#### Required work:
Retype the line containing "by (simp add: cis_Arg sgn_eq unit)" and each later line through the end of the listing, exactly as written, with no other lines.

*** Opening of Raw data ***

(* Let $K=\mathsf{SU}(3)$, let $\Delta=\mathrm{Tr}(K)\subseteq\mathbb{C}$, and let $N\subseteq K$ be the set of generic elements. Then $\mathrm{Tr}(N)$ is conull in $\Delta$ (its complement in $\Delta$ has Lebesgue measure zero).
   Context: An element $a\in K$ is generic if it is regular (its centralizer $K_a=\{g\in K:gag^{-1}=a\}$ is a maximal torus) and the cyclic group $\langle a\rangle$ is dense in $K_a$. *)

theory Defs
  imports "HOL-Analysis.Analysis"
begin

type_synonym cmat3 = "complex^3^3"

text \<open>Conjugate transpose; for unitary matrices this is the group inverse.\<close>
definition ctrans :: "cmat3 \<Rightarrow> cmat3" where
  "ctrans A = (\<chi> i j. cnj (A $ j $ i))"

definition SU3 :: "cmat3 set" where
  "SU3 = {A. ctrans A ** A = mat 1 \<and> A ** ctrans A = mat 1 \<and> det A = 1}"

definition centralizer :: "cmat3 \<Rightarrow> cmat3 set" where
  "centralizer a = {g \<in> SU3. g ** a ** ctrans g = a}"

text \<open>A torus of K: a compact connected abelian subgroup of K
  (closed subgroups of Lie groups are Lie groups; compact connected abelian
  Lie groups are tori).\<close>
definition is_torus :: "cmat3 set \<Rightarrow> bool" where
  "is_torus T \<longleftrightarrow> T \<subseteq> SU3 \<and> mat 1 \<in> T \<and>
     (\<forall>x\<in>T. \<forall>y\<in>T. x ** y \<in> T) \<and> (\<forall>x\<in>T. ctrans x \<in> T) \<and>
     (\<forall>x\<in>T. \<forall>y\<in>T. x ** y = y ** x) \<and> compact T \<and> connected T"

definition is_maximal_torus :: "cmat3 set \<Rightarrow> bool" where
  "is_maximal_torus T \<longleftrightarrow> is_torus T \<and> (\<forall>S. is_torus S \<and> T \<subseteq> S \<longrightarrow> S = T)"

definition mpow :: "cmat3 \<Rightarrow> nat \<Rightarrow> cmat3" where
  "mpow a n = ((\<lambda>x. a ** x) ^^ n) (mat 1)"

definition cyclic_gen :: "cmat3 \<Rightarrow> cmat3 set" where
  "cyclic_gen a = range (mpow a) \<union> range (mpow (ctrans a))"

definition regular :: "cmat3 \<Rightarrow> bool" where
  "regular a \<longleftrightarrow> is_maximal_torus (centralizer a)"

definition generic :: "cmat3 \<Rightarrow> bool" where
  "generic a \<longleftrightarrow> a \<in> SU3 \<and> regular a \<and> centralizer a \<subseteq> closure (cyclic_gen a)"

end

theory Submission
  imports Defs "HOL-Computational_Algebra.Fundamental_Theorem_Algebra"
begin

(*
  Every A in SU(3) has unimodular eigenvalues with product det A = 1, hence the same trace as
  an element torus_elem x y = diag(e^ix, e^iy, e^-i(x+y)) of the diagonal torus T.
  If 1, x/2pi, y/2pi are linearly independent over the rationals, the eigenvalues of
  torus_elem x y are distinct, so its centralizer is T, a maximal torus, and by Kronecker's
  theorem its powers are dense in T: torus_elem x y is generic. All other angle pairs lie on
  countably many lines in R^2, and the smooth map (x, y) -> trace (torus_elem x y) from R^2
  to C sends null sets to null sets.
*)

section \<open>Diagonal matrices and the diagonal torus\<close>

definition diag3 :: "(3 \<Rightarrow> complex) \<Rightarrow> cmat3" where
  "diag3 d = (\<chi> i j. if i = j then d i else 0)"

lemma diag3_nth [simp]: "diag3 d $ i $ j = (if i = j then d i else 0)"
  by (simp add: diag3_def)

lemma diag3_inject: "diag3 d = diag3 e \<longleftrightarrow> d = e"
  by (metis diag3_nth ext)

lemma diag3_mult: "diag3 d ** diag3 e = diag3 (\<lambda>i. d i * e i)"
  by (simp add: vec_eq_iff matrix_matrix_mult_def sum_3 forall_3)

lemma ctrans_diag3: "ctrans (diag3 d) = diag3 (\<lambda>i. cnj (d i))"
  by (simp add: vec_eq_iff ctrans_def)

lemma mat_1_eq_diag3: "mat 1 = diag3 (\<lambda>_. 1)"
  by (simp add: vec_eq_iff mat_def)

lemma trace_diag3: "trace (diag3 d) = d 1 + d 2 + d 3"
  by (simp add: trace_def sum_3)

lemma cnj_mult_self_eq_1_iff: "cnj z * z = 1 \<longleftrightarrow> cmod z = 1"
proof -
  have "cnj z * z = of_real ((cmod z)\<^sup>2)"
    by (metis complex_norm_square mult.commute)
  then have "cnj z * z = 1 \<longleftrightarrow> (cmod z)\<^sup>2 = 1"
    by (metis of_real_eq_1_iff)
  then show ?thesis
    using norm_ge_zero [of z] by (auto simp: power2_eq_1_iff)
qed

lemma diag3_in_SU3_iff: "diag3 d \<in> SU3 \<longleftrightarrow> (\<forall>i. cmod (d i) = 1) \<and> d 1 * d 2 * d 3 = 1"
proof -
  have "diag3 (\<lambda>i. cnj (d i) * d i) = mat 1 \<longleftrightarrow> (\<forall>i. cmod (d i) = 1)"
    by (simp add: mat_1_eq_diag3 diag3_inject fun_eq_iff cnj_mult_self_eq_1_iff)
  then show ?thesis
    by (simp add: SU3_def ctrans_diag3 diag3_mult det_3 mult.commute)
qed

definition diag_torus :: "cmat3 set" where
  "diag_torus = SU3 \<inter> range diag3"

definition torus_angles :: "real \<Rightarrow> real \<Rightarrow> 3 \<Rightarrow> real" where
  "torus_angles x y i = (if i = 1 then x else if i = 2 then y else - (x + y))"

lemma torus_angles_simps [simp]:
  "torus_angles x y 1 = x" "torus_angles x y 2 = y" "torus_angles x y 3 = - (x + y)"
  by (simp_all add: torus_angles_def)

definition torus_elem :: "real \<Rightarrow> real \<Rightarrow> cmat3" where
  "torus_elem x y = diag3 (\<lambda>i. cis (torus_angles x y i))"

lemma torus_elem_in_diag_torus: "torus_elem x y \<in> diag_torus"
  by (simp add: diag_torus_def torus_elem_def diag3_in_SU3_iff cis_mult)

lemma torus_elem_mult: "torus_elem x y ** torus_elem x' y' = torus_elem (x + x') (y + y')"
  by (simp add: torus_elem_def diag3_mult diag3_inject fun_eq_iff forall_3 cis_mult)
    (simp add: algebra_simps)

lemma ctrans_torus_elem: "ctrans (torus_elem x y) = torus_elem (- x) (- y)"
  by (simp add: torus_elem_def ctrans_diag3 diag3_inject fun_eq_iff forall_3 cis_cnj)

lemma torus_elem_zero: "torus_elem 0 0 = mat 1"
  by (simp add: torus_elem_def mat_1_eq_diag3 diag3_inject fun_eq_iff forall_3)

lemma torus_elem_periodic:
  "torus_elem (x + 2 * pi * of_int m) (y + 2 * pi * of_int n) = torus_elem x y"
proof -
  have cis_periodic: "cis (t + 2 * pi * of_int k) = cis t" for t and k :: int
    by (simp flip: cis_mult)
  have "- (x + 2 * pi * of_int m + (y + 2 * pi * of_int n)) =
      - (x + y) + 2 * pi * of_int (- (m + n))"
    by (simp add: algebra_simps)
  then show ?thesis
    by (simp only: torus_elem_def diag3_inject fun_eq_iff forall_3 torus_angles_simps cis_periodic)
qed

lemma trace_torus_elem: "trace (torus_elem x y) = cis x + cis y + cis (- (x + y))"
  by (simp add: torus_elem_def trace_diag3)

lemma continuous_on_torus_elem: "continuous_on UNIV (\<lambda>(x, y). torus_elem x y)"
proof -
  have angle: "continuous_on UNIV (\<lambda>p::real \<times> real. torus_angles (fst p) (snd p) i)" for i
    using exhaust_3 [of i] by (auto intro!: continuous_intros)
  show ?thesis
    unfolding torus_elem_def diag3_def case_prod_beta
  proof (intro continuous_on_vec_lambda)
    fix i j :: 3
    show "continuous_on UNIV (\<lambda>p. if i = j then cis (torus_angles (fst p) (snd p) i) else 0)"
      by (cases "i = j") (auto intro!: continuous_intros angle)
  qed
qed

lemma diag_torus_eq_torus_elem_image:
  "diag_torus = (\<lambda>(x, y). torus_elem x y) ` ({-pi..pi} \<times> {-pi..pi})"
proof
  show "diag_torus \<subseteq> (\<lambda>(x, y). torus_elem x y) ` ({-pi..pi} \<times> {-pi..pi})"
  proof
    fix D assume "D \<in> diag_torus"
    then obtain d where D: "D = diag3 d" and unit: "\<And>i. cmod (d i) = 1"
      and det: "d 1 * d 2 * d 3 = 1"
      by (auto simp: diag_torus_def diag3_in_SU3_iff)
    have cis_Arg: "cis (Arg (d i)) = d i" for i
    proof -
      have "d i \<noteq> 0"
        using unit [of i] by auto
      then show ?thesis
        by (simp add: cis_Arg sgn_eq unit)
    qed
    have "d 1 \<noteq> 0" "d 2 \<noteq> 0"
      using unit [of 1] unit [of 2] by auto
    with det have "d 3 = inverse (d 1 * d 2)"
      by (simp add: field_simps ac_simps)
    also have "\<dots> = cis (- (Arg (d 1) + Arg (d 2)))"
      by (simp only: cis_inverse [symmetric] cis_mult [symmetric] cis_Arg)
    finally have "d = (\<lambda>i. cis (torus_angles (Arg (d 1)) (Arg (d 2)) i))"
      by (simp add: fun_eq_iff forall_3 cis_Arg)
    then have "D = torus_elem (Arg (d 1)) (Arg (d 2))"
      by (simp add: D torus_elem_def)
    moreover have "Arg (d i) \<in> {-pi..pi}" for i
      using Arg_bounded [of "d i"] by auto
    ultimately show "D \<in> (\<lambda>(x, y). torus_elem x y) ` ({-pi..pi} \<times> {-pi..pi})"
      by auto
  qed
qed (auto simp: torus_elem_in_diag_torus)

*** Close of Raw data ***

#### Result:
        by (simp add: cis_Arg sgn_eq unit)
    qed
    have "d 1 \<noteq> 0" "d 2 \<noteq> 0"
      using unit [of 1] unit [of 2] by auto
    with det have "d 3 = inverse (d 1 * d 2)"
      by (simp add: field_simps ac_simps)
    also have "\<dots> = cis (- (Arg (d 1) + Arg (d 2)))"
      by (simp only: cis_inverse [symmetric] cis_mult [symmetric] cis_Arg)
    finally have "d = (\<lambda>i. cis (torus_angles (Arg (d 1)) (Arg (d 2)) i))"
      by (simp add: fun_eq_iff forall_3 cis_Arg)
    then have "D = torus_elem (Arg (d 1)) (Arg (d 2))"
      by (simp add: D torus_elem_def)
    moreover have "Arg (d i) \<in> {-pi..pi}" for i
      using Arg_bounded [of "d i"] by auto
    ultimately show "D \<in> (\<lambda>(x, y). torus_elem x y) ` ({-pi..pi} \<times> {-pi..pi})"
      by auto
  qed
qed (auto simp: torus_elem_in_diag_torus)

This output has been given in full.